Road Drainage and the Water Environment

Stage 3 Objective: To update and expand where necessary the Stage 2 assessment to identify the likely impacts on the quality of waterbodies and fisheries/aquatic habitat, on catchment hydrology and on climate change resulting from the preferred scheme.

Stage 3 Components:

  • Refine, as appropriate, the map showing the location of flood plains, principal watercourses, ground water protection zones and mark those areas considered to be most sensitive to changes in water quality, hydrology or the physical environment.
  • Assess the sensitivity of watercourses, identify groundwater and surface water considerations and assess the effect of soluble/insoluble pollutants and the risk of spillages on waterbodies. Confirm the spillage risk calculations carried out at Stage 2.
  • Assess flooding impacts and the potential impacts of climate change.
  • Consider water-related ecological effects and cross-reference to the ecological assessment, with reference to Disruption due to Construction, Geology and Soils, Landscape Effects and Land Use where appropriate.
  • Provide a summary table of potential impacts and their significance.

Geology and Soils

Stage 3 Objective: To undertake sufficient assessment of the preferred route to identify any significant impact on geology and soils, and, where appropriate, contaminated land.

Stage 3 Components:

  • Check that no new sites have been designated or areas of contaminated land identified and whether any new survey work has been carried out since Stage 2.
  • Where a site of geological/geomorphological interest will be affected, obtain the views of the relevant authority. Describe the significance of any impacts on it.
  • Undertake a site investigation of any contaminated land and detail method of treatment. Discuss receptor sites where removal off-site is proposed.

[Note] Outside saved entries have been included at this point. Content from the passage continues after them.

lemma barrier_speed_lt_flux_at_crossing:
  assumes "0 < s0" "s0 < \<sigma>" "\<sigma> \<le> t" "t \<le> t\<^sub>s"
    and initially: "\<And>s i. 0 \<le> s \<Longrightarrow> s \<le> s0 \<Longrightarrow> barrier s i < u s i"
    and "0 < e" "e \<le> c * s0 powr \<alpha> / 2" "e \<le> d / 8"
    and small: "4 * ((-\<beta>) * (c * s0 powr \<alpha> / 2) powr (\<beta> - 1)) * e
      < \<eta> * c powr \<beta> * t powr (\<alpha> - 1)"
    and above: "\<And>i \<tau>. s0 \<le> \<tau> \<Longrightarrow> \<tau> \<le> \<sigma> \<Longrightarrow> barrier \<tau> i - e \<le> u \<tau> i"
    and near: "u \<sigma> j \<le> barrier \<sigma> j + e"
  shows "barrier_speed \<sigma> j < flux \<sigma> j"
proof -
  define m where "m = c * s0 powr \<alpha>"
  have barrier_ge: "m \<le> barrier \<tau> i" if "s0 \<le> \<tau>" for \<tau> i
    using barrier_bounds(1)[of \<tau> i] that \<open>0 < s0\<close> alpha(1) c_pos unfolding m_def
    by (smt (verit) mult_left_mono powr_mono2)
  have lower: "c / 2 * \<tau> powr \<alpha> \<le> u \<tau> i" if "0 < \<tau>" "\<tau> \<le> \<sigma>" for \<tau> i
  proof (cases "\<tau> \<le> s0")
    case True
    have "0 \<le> c * \<tau> powr \<alpha>" using c_pos by simp
    then show ?thesis using initially[of \<tau> i] barrier_bounds(1)[of \<tau> i] that True by simp
  next
    case False
    then show ?thesis using above[of \<tau> i] barrier_bounds(1)[of \<tau> i] barrier_ge[of \<tau> i] that
      \<open>e \<le> c * s0 powr \<alpha> / 2\<close> unfolding m_def by auto
  qed
  show ?thesis
  proof (cases "d \<le> w0 j")
    case True
    then have "barrier \<sigma> j + d / 4 \<le> u \<sigma> j"
      using crossing_at_good_site lower assms(1-4) by simp
    then show ?thesis using near \<open>e \<le> d / 8\<close> d_pos by linarith
  next
    case False
    have "0 < m" unfolding m_def using c_pos \<open>0 < s0\<close> by simp
    show ?thesis
    proof (rule crossing_at_bad_site[of \<sigma> t j m e])
      show "m \<le> barrier \<sigma> i" "barrier \<sigma> i - e \<le> u \<sigma> i" for i
        using barrier_ge above[of \<sigma> i] \<open>s0 < \<sigma>\<close> by auto
    qed (use False assms(1-3,6-8) small near \<open>0 < m\<close> in \<open>simp_all add: m_def\<close>)
  qed
qed

lemma barrier_le_solution:
  assumes "0 < t" "t \<le> t\<^sub>s"
  shows "barrier t k \<le> u t k"
proof (rule ccontr)
  assume crossed: "\<not> barrier t k \<le> u t k"
  obtain s0 where "0 < s0" and initially: "\<And>s j. 0 \<le> s \<Longrightarrow> s \<le> s0 \<Longrightarrow> barrier s j < u s j"
    using barrier_below_solution_initially by blast
  have "s0 \<le> t" using initially[of t k] crossed assms(1) by (cases "t \<le> s0") auto
  define \<Lambda> where "\<Lambda> = 2 * \<delta> powr \<beta> + c * \<alpha> * (1/2) powr (1/\<beta>) * s0 powr (\<alpha> - 1)"
  define m where "m = c * s0 powr \<alpha>"
  define K where "K = (-\<beta>) * (m / 2) powr (\<beta> - 1)"
  define M where "M = \<eta> * c powr \<beta> * t powr (\<alpha> - 1)"
  define e where "e = min (m / 2) (min (d / 8) (M / (8 * (K + 1))))"
  have "0 < m" "0 < M" "0 < \<Lambda>"
    using \<open>0 < s0\<close> c_pos eta_pos assms(1) delta_pos alpha(1) unfolding m_def M_def \<Lambda>_def
    by (auto intro!: add_pos_nonneg mult_nonneg_nonneg)
  moreover have "0 \<le> K" unfolding K_def using beta_neg by (intro mult_nonneg_nonneg) auto
  ultimately have "0 < e" using d_pos unfolding e_def by simp
  have "e \<le> m / 2" "e \<le> d / 8" unfolding e_def by (intro min.coboundedI1 min.coboundedI2 order_refl)+
  have "4 * (K * e) \<le> 4 * ((K + 1) * (M / (8 * (K + 1))))"
    using \<open>0 \<le> K\<close> \<open>0 < e\<close> unfolding e_def by (intro mult_left_mono mult_mono) auto
  also have "\<dots> = M / 2" using \<open>0 \<le> K\<close> by (simp add: field_simps add_nonneg_eq_0_iff)
  finally have "4 * K * e < M" using \<open>0 < M\<close> by simp
  obtain \<sigma> j where "s0 < \<sigma>" "\<sigma> \<le> t" and decreasing: "flux \<sigma> j - barrier_speed \<sigma> j < 0"
    and "u \<sigma> j - barrier \<sigma> j \<le> e"
    and above: "\<And>i \<tau>. s0 \<le> \<tau> \<Longrightarrow> \<tau> \<le> \<sigma> \<Longrightarrow> -e \<le> u \<tau> i - barrier \<tau> i"
  proof (rule near_first_crossing[of e \<Lambda> s0 t "\<lambda>i s. u s i - barrier s i"
        "\<lambda>i s. flux s i - barrier_speed s i" k])
    show "((\<lambda>s. u s i - barrier s i) has_real_derivative flux s i - barrier_speed s i) (at s)"
      if "s0 \<le> s" for i s
      unfolding flux_def using that \<open>0 < s0\<close>
      by (intro DERIV_diff solution_has_derivative[OF solution] barrier_has_derivative) auto
    show "\<bar>flux s i - barrier_speed s i\<bar> \<le> \<Lambda>" if "s0 \<le> s" for i s
      unfolding \<Lambda>_def using gap_rate_bound \<open>0 < s0\<close> that .
  qed (use \<open>0 < e\<close> \<open>0 < \<Lambda>\<close> \<open>s0 \<le> t\<close> initially[of s0] \<open>0 < s0\<close> crossed in \<open>auto simp: less_imp_le\<close>)
  have small: "4 * ((-\<beta>) * (c * s0 powr \<alpha> / 2) powr (\<beta> - 1)) * e < \<eta> * c powr \<beta> * t powr (\<alpha> - 1)"
    using \<open>4 * K * e < M\<close> unfolding K_def M_def m_def .
  have "barrier_speed \<sigma> j < flux \<sigma> j"
  proof (rule barrier_speed_lt_flux_at_crossing[OF \<open>0 < s0\<close> \<open>s0 < \<sigma>\<close> \<open>\<sigma> \<le> t\<close> assms(2)
        initially \<open>0 < e\<close> _ \<open>e \<le> d / 8\<close> small])
    show "e \<le> c * s0 powr \<alpha> / 2" using \<open>e \<le> m / 2\<close> unfolding m_def .
    show "barrier \<tau> i - e \<le> u \<tau> i" if "s0 \<le> \<tau>" "\<tau> \<le> \<sigma>" for i \<tau> using above[OF that, of i] by simp
    show "u \<sigma> j \<le> barrier \<sigma> j + e" using \<open>u \<sigma> j - barrier \<sigma> j \<le> e\<close> by simp
  qed
  with decreasing show False by simp
qed

end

Disruption Due to Construction

Stage 3 Objective: To identify the factors and effects associated with disruption due to construction for the preferred scheme option.

Stage 3 Components:

  • Verify the estimated number of properties within 100m of the preferred scheme, indicating those properties particularly sensitive to disruption.
  • Check on the presence of areas or features of ecological, archaeological or historic value within 100m of the preferred route that may need to be protected from adverse impact.
  • Note any construction operations which may have a potentially significant impact.
  • Assess the extent of potential impacts, taking agreed mitigation into account.
  • Estimate likely quantities of surplus material and borrow associated with the scheme. Where borrow or surplus material need to be won/disposed of off site, further consultation and assessment of impacts may be required.

Policies and Plans

Stage 3 Objective: To undertake sufficient assessment to determine the significance of impacts arising from construction of a preferred route on achieving national, regional, county and local level policies objectives.

Stage 3 Components:

  • Check that the information obtained at Stage 2 is still accurate and update the schedule of policies produced for Stage 2.
  • Assess the likely impact of the preferred route on the policy objectives.
  • Obtain the views of the planning authority.

3.2.2 Other Best Practice Guidance / Legislation

In addition to the DMRB, the EA has been supplemented by current best practice guidance as listed in Table 3.1.

Table 3.1. Best Practice Guidance / Legislation.


Best Practice Guidance

General EIA

  • Environmental Impact Assessment (Scotland) Regulations 1999.
  • PAN58 Environmental Impact Assessment, Scottish Executive Environment Department, 1999.
  • Planning Circular 8 2007. The Environmental Impact Assessment (Scotland) Regulations 1999, The Scottish Government.
  • A Handbook on Environmental Impact Assessment – Guidance for Competent Authorities, Consultees and others involved in the Environmental Impact Assessment Process in Scotland, SNH 2005.

Air Quality

  • The Environment Act 1995, Part IV.
  • The Air Quality Strategy for England, Scotland, Wales and Northern Ireland, The Stationery Office, 2000.
  • The Air Quality Strategy for England, Scotland, Wales and Northern Ireland Addendum, The Stationery Office, 2003.
  • The Air Quality (Scotland) Regulations, The Stationary Office, 2000.
  • The Air Quality (Scotland) Amendment Regulations, The Stationery Office, 2002.
  • Scottish Transport Appraisal Guidance STAG, Scottish Executive 2003.

Cultural Heritage

  • NPPG 5 Archaeology and Planning, Scottish Office, 1994.
  • NPPG 18 Planning and the Historic Environment. Scottish Office, 1999.
  • Planning Advice Note 42: Archaeology – the Planning Process and Scheduled Monument Procedures, Scottish Office, 1994.
  • Planning Advice Note 71: Conservation Area Management, Scottish Executive, 2004.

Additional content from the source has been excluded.